Stored data entries:

(* Let $\theta$ be a renormalised labelled tree (as defined below) such that $\Psi_{n_\ell}(\omega\cdot\nu_\ell)\neq0$ for every line $\ell$ of $\theta$ with $n_\ell\ge0$ (this holds in particular whenever the value of $\theta$ is non-zero). Then for every $n\ge0$, $$\mathfrak{N}_n(\theta)\le 2^{-(m_n-2)}K(\theta),$$ where $\mathfrak{N}_n(\theta)$ is the number of lines of $\theta$ with scale $\ge n$ and $K(\theta):=\sum_{v}|\nu_v|$, the sum running over all nodes of $\theta$.
   Context: Notation: $\omega\in\mathbb{R}^d$ satisfies the Bryuno condition; $\alpha_m(\omega):=\inf_{0<|\nu|\le2^m}|\omega\cdot\nu|$ with $|\nu|$ the $\ell^1$ norm; $m_0=0$, $m_{n+1}=m_n+p_n+1$ with $p_n:=\max\{q\ge0:\alpha_{m_n}(\omega)<2\alpha_{m_n+q}(\omega)\}$. $\chi$ is an even $C^\infty$ function, non-increasing in $|x|$, equal to $1$ for $|x|\le1/2$ and $0$ for $|x|\ge1$; $\chi_{-1}\equiv1$, $\chi_n(x)=\chi(4x/\alpha_{m_n}(\omega))$, $\psi_n=1-\chi_n$ ($n\ge0$), $\Psi_n=\chi_{n-1}\psi_n$ ($n\ge0$); thus $\Psi_n(x)\neq0$ implies $\alpha_{m_n}(\omega)/8<|x|<\alpha_{m_{n-1}}(\omega)/4$ (with $\alpha_{m_{-1}}:=+\infty$). Trees: a tree $\theta$ is a finite rooted tree whose root has exactly one incident line (the root line); all other vertices are nodes; lines are oriented toward the root, and each line $\ell=\ell_v$ is identified with the node $v$ it leaves. Write $w\preceq v$ if $v$ lies on the path from $w$ to the root. Each node $v$ carries a mode $\nu_v\in\mathbb{Z}^d$; each line $\ell_v$ carries the momentum $\nu_{\ell_v}=\sum_{w\preceq v}\nu_w$, required to be nonzero for all lines except possibly the root line; each line carries a scale $n_\ell$, with $n_\ell=-1$ if $\nu_\ell=0$ and $n_\ell\in\{0,1,2,\dots\}$ otherwise. A cluster on scale $n$ is a maximal connected subgraph (set of nodes together with the lines of $\theta$ joining them) all of whose lines have scale $\le n$ and at least one line of which has scale $n$; a line enters (exits) a subgraph $T$ if it connects a node outside $T$ to a node in $T$ (a node in $T$ to a node outside). A self-energy cluster is either a cluster with exactly one entering line $\ell'$ and one exiting line $\ell$ satisfying $\nu_\ell=\nu_{\ell'}$, or (scale $-1$) a single node $v$ with $\nu_v=0$ having exactly one entering line. A tree is renormalised if it contains no self-energy clusters. *)

theory Defs
  imports "HOL-Analysis.Analysis"
begin

text \<open>Vectors in R^d / Z^d are functions on a finite index type 'd (d = CARD('d)).\<close>

definition dotp :: "('d::finite \<Rightarrow> real) \<Rightarrow> ('d \<Rightarrow> int) \<Rightarrow> real" where
  "dotp \<omega> \<nu> = (\<Sum>i\<in>UNIV. \<omega> i * of_int (\<nu> i))"

definition norm1 :: "('d::finite \<Rightarrow> int) \<Rightarrow> int" where
  "norm1 \<nu> = (\<Sum>i\<in>UNIV. \<bar>\<nu> i\<bar>)"

definition alpha :: "('d::finite \<Rightarrow> real) \<Rightarrow> nat \<Rightarrow> real" where
  "alpha \<omega> m = Inf {\<bar>dotp \<omega> \<nu>\<bar> | \<nu>. \<nu> \<noteq> (\<lambda>_. 0) \<and> norm1 \<nu> \<le> 2 ^ m}"

definition bryuno :: "('d::finite \<Rightarrow> real) \<Rightarrow> bool" where
  "bryuno \<omega> \<longleftrightarrow> (\<forall>m. alpha \<omega> m > 0) \<and>
     summable (\<lambda>m. (1/2) ^ m * ln (1 / alpha \<omega> m))"

definition pexp :: "('d::finite \<Rightarrow> real) \<Rightarrow> nat \<Rightarrow> nat" where
  "pexp \<omega> k = Max {q. alpha \<omega> k < 2 * alpha \<omega> (k + q)}"

fun mseq :: "('d::finite \<Rightarrow> real) \<Rightarrow> nat \<Rightarrow> nat" where
  "mseq \<omega> 0 = 0"
| "mseq \<omega> (Suc n) = mseq \<omega> n + pexp \<omega> (mseq \<omega> n) + 1"

definition cutoff :: "(real \<Rightarrow> real) \<Rightarrow> bool" where
  "cutoff chi \<longleftrightarrow> (\<forall>x. chi (- x) = chi x)
     \<and> (\<forall>k x. (deriv ^^ k) chi differentiable (at x))
     \<and> (\<forall>x y. \<bar>x\<bar> \<le> \<bar>y\<bar> \<longrightarrow> chi y \<le> chi x)
     \<and> (\<forall>x. \<bar>x\<bar> \<le> 1/2 \<longrightarrow> chi x = 1)
     \<and> (\<forall>x. \<bar>x\<bar> \<ge> 1 \<longrightarrow> chi x = 0)"

text \<open>chi_n for n \<ge> 0 (chi_{-1} = 1 is handled in Psi), psi_n = 1 - chi_n, Psi_n = chi_{n-1} psi_n.\<close>
definition chin :: "(real \<Rightarrow> real) \<Rightarrow> ('d::finite \<Rightarrow> real) \<Rightarrow> nat \<Rightarrow> real \<Rightarrow> real" where
  "chin chi \<omega> n x = chi (4 * x / alpha \<omega> (mseq \<omega> n))"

§ WORK REQUIRED:
Determine the number of lines in the entries that hold "close". Reply with that number only.

§ EXERCISE RESULT:
2